JOHANNESBURG  - L'Afrique du Sud s'est souvenue lundi qu'il y a juste 18 ans, le président Mandela vêtu du maillot des Springboks remettait la Coupe du monde de rugby au capitaine de l'équipe sud-africaine, provoquant un élan historique d'unité dans un pays divisé par des décennies de ségrégation raciale.

Alors que Nelson Mandela est hospitalisé dans un état critique, les télévisions ont repassé en boucle ces images de la victoire sur la Nouvelle-Zélande du 24 juin 1995, entrées dans la mémoire collective: le drop victorieux de Joël Stransky pendant les arrêts de jeu à l'Ellis Park de Johannesburg, Mandela qui remet la coupe au capitaine François Pienaar, la liesse dans les rues du pays.

De mémoire de Sud-Africain pourtant, les Springboks avaient toujours été le symbole de la puissance des Afrikaners blancs, les maîtres du pays et les instigateurs de l'apartheid. Mandela lui-même a raconté dans ses mémoires que les prisonniers politiques supportaient systématiquement les équipes adverses, avant que l'Afrique du Sud ne soit bannie des compétitions internationales.

Mais ce 24 juin 1995 marquait l'épilogue d'une extraordinaire réconciliation, à l'initiative du chef de l'Etat en personne.

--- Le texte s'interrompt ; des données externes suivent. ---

lemma global_well_posedness:
  fixes F :: "'z::real_normed_vector \<Rightarrow> 'x::euclidean_space \<Rightarrow> 'x" and z :: "real \<Rightarrow> 'z"
  assumes lip: "loc_lipschitz (\<lambda>(z, x). F z x)"
    and growth: "\<And>z x. norm (F z x) \<le> c * (1 + norm x + norm z)" and c0: "0 \<le> c"
    and \<kappa>: "0 < \<kappa>" and D0: "0 \<le> D"
    and dissip: "\<And>z x y. inner (F z x - F z y) (x - y) \<le> D - \<kappa> * (norm (x - y))\<^sup>2"
    and zc: "continuous_on {0..} z" and \<sigma>c: "continuous_on {0..} \<sigma>"
  shows "\<exists>x. is_global_solution (\<lambda>s v. F (z s) v) x0 \<sigma> x \<and>
    (\<forall>x'. is_global_solution (\<lambda>s v. F (z s) v) x0 \<sigma> x' \<longrightarrow> (\<forall>t\<ge>0. x' t = x t))"
proof (rule global_solution_exists_unique[OF lip zc])
  fix T :: real assume "0 \<le> T"
  moreover have "continuous_on {0..T} z" "continuous_on {0..T} \<sigma>"
    by (auto intro: continuous_on_subset[OF zc] continuous_on_subset[OF \<sigma>c])
  ultimately show "\<exists>x. solves_on T (\<lambda>s v. F (z s) v) x0 \<sigma> x"
    using solves_on_exists[OF lip growth c0 \<kappa> D0 dissip] by metis
qed

lemma sup_norm_solution_bound:
  fixes F :: "'z::real_normed_vector \<Rightarrow> 'x::euclidean_space \<Rightarrow> 'x" and z :: "real \<Rightarrow> 'z"
  assumes lip: "loc_lipschitz (\<lambda>(z, x). F z x)"
    and growth: "\<And>z x. norm (F z x) \<le> c * (1 + norm x + norm z)" and c0: "0 \<le> c"
    and \<kappa>: "0 < \<kappa>" and D0: "0 \<le> D"
    and dissip: "\<And>z x y. inner (F z x - F z y) (x - y) \<le> D - \<kappa> * (norm (x - y))\<^sup>2"
    and T: "0 \<le> T" and zc: "continuous_on {0..T} z" and \<sigma>c: "continuous_on {0..T} \<sigma>"
    and x: "solves_on T (\<lambda>s v. F (z s) v) x0 \<sigma> x"
  shows "sup_norm T x \<le> apriori_constant c \<kappa> D T * (1 + norm x0 + sup_norm T \<sigma> + sup_norm T z)"
proof (rule sup_norm_least[OF T])
  fix t assume t: "t \<in> {0..T}"
  show "norm (x t) \<le> apriori_constant c \<kappa> D T * (1 + norm x0 + sup_norm T \<sigma> + sup_norm T z)"
  proof (rule solves_on_norm_bound[OF lip growth c0 \<kappa> D0 dissip solves_on_subset[OF x]])
    show "continuous_on {0..t} z" "continuous_on {0..t} \<sigma>"
      using t by (auto intro: continuous_on_subset[OF zc] continuous_on_subset[OF \<sigma>c])
    show "norm (\<sigma> s) \<le> sup_norm T \<sigma>" "norm (z s) \<le> sup_norm T z" if "s \<in> {0..t}" for s
      using that t by (auto intro!: sup_norm_upper \<sigma>c zc)
  qed (use t in auto)
qed

lemma solves_on_comparison:
  fixes F :: "'z::real_normed_vector \<Rightarrow> 'x::euclidean_space \<Rightarrow> 'x" and z :: "real \<Rightarrow> 'z"
  assumes lip: "loc_lipschitz (\<lambda>(z, x). F z x)"
    and growth: "\<And>z x. norm (F z x) \<le> c * (1 + norm x + norm z)"
    and \<kappa>: "0 < \<kappa>" and D0: "0 \<le> D"
    and dissip: "\<And>z x y. inner (F z x - F z y) (x - y) \<le> D - \<kappa> * (norm (x - y))\<^sup>2"
    and zc: "continuous_on {0..T} z"
    and x: "solves_on T (\<lambda>s v. F (z s) v) x0 \<sigma> x" and y: "solves_on T (\<lambda>s v. - v) x0 \<sigma> y"
    and t: "t \<in> {0..T}"
  shows "(norm (x t - y t))\<^sup>2 \<le> (2 * D + (c + 1)\<^sup>2 / \<kappa>) *
    integral {0..t} (\<lambda>s. exp (- \<kappa> * (t - s)) * (1 + norm (y s) + norm (z s))\<^sup>2)"
proof -
  define h where "h s = 2 * D + (norm (F (z s) (y s) + y s))\<^sup>2 / \<kappa>" for s
  define Q where "Q s = 1 + norm (y s) + norm (z s)" for s
  have xc: "continuous_on {0..T} x" and yc: "continuous_on {0..T} y"
    using x y by (simp_all add: solves_on_def)
  have Fx: "continuous_on {0..T} (\<lambda>s. F (z s) (x s))" and Fy: "continuous_on {0..T} (\<lambda>s. F (z s) (y s))"
    using continuous_on_compose_loc_lipschitz[OF lip zc] xc yc by auto
  have hc: "continuous_on {0..T} h" unfolding h_def using \<kappa> by (intro continuous_intros Fy yc) auto
  have Qc: "continuous_on {0..T} Q" unfolding Q_def by (intro continuous_intros yc zc)
  have kernel: "continuous_on {0..T} (\<lambda>s. exp (- \<kappa> * (t - s)))" by (intro continuous_intros)
  have sub: "{0..t} \<subseteq> {0..T}" using t by simp
  have diff: "x s - y s = integral {0..s} (\<lambda>r. F (z r) (x r) + y r)" if "s \<in> {0..T}" for s
    using solves_on_diff[OF x y Fx _ that] yc by (simp add: continuous_on_minus)
  have "exp (\<kappa> * t) * (norm (x t - y t))\<^sup>2
      \<le> (norm (x 0 - y 0))\<^sup>2 + integral {0..t} (\<lambda>s. exp (\<kappa> * s) * h s)"
  proof (rule energy_estimate[OF _ hc _ _ t])
    show "continuous_on {0..T} (\<lambda>s. F (z s) (x s) + y s)" by (intro continuous_intros Fx yc)
    fix s assume s: "s \<in> {0..T}"
    show "x s - y s = (x 0 - y 0) + integral {0..s} (\<lambda>r. F (z r) (x r) + y r)"
      using diff[OF s] diff[of 0] s by simp
    have "inner ((F (z s) (x s) + y s) - (F (z s) (y s) + y s)) (x s - y s)
        \<le> D - \<kappa> * (norm (x s - y s))\<^sup>2"
      using dissip by simp
    then have "2 * inner (F (z s) (x s) + y s) (x s - y s)
        \<le> 2 * D - (2 * \<kappa> - \<kappa>) * (norm (x s - y s))\<^sup>2 + (norm (F (z s) (y s) + y s))\<^sup>2 / \<kappa>"
      using \<kappa> by (rule dissipative_inner_bound)
    then show "2 * inner (F (z s) (x s) + y s) (x s - y s) + \<kappa> * (norm (x s - y s))\<^sup>2 \<le> h s"
      unfolding h_def by simp
  qed
  moreover have "x 0 - y 0 = 0" using diff[of 0] t by simp
  ultimately have "exp (\<kappa> * t) * (norm (x t - y t))\<^sup>2 \<le> integral {0..t} (\<lambda>s. exp (\<kappa> * s) * h s)"
    by simp
  then have "(norm (x t - y t))\<^sup>2 \<le> exp (- \<kappa> * t) * integral {0..t} (\<lambda>s. exp (\<kappa> * s) * h s)"
    by (simp add: exp_minus field_simps)
  also have "\<dots> = integral {0..t} (\<lambda>s. exp (- \<kappa> * (t - s)) * h s)"
    by (rule integral_exp_kernel)
  also have "\<dots> \<le> integral {0..t} (\<lambda>s. (2 * D + (c + 1)\<^sup>2 / \<kappa>) * (exp (- \<kappa> * (t - s)) * (Q s)\<^sup>2))"
  proof (rule integral_le)
    show "(\<lambda>s. exp (- \<kappa> * (t - s)) * h s) integrable_on {0..t}"
      by (intro integrable_continuous_real continuous_on_subset[OF _ sub] continuous_on_mult kernel hc)
    show "(\<lambda>s. (2 * D + (c + 1)\<^sup>2 / \<kappa>) * (exp (- \<kappa> * (t - s)) * (Q s)\<^sup>2)) integrable_on {0..t}"
      by (intro integrable_continuous_real continuous_on_subset[OF _ sub] continuous_on_mult
          continuous_on_const kernel continuous_on_power Qc)
    fix s
    have "h s \<le> (2 * D + (c + 1)\<^sup>2 / \<kappa>) * (Q s)\<^sup>2"
      unfolding h_def Q_def by (rule linear_growth_forcing_bound[OF growth \<kappa> D0])
    then show "exp (- \<kappa> * (t - s)) * h s \<le> (2 * D + (c + 1)\<^sup>2 / \<kappa>) * (exp (- \<kappa> * (t - s)) * (Q s)\<^sup>2)"
      by (metis exp_ge_zero mult.left_commute mult_left_mono)
  qed
  finally show ?thesis unfolding Q_def by (simp only: integral_mult_right)
qed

A peine un an plus tôt, Mandela était devenu le premier président noir de l'Afrique du Sud. Et, contre toute attente, il avait décidé d'apporter son soutien personnel aux Springboks, qui accueillaient sur leur sol la Coupe du monde de rugby.

L'Ellis Park était peuplé majoritairement de Sud-Africains blancs. Beaucoup d'entre eux, quelques années plus tôt, considéraient encore Nelson Mandela comme un dangereux terroriste. Ce 24 juin encore, beaucoup voyaient en lui l'homme qui allait abolir leurs privilèges et modifier à jamais leur mode de vie.

Sur un plan purement sportif, il était enfin le symbole de ces résistants noirs qui avaient obtenu que les Springboks soient exclus pendant des années de toutes les compétitions internationales.

Mais le président savait que la réconciliation passait par le pardon. Et c'est vêtu du maillot autrefois honni des Springboks qu'il est descendu sur la pelouse. Sous les acclamations de la foule, qui scandait soudain "Nelson, Nelson". Et à la surprise de millions de Noirs restés devant leurs téléviseurs.

Le bref dialogue entre le président et le capitaine Pienaar a été mille fois répété, dans les livres d'histoire et au cinéma:


Dissiper les peurs des Blancs et... des Noirs


- "François, merci pour ce que vous avez fait pour notre pays", dit Mandela.

- "Non, Monsieur le Président, merci pour ce que vous avez fait", répliqua Pieenar.

Puis le rugbyman souleva le trophée, provoquant un nouveau délire de joie dans le stade.

Même Mandela, plus tard, avoua avoir été surpris de la réaction de la foule: "J'ai fait le tour du stade, je ne m'attendais pas à une telle ovation."

Et que dire, alors, de la réaction du pays tout entier? "Pour la première fois, tous les habitants de ce pays s'étaient rassemblés, et toutes les races et toutes les religions s'embrassaient les unes les autres", a raconté François Pieenar. "C'était absolument merveilleux!"

Mandela le politicien savait ce qu'il faisait. Même si son pari n'était pas gagné d'avance. Avant la Coupe du monde, son soutien aux Springboks en avait choqué plus d'un: "Beaucoup de gens ont dit: +ce vieux type est un vendu+, et ceux-là m'ont hué lorsque j'ai dit +soyons maintenant des supporteurs du rugby, et considérons ces joueurs comme nos gars+", a-t-il admis.

La victoire finale a magnifié ce coup de maître politique: "L'effet cumulatif fut de dissiper les peurs des Blancs, mais aussi, du même coup, celles des Noirs", s'est par la suite réjoui Mandela.

Dix-huit ans plus tard, les tensions raciales n'ont pas disparu dans un pays aux inégalités encore criantes. Mais la guerre civile que beaucoup prédisaient à la fin des années 1980 n'a jamais eu lieu.

Et si seuls quelques mordus de rugby se rappellent du score final, 15-12 pour les Springboks, le monde entier connaît les images du 24 juin 1995 à l'Ellis Park. Un film de Clint Eastwood, "Invictus", tout à la gloire du président, a contribué à forger le mythe.

"Je crois que nous aurons toujours un souvenir ému de ce jour", a déclaré lundi l'auteur du drop victorieux, Joël Stransky. "Mais malheureusement aujourd'hui l'émotion est différente, car il est clair que Madiba est très malade et dans un état critique. Mais il a vraiment été un élément important de cette période, et il a rendu cette époque tout à fait particulière pour chacun d'entre nous."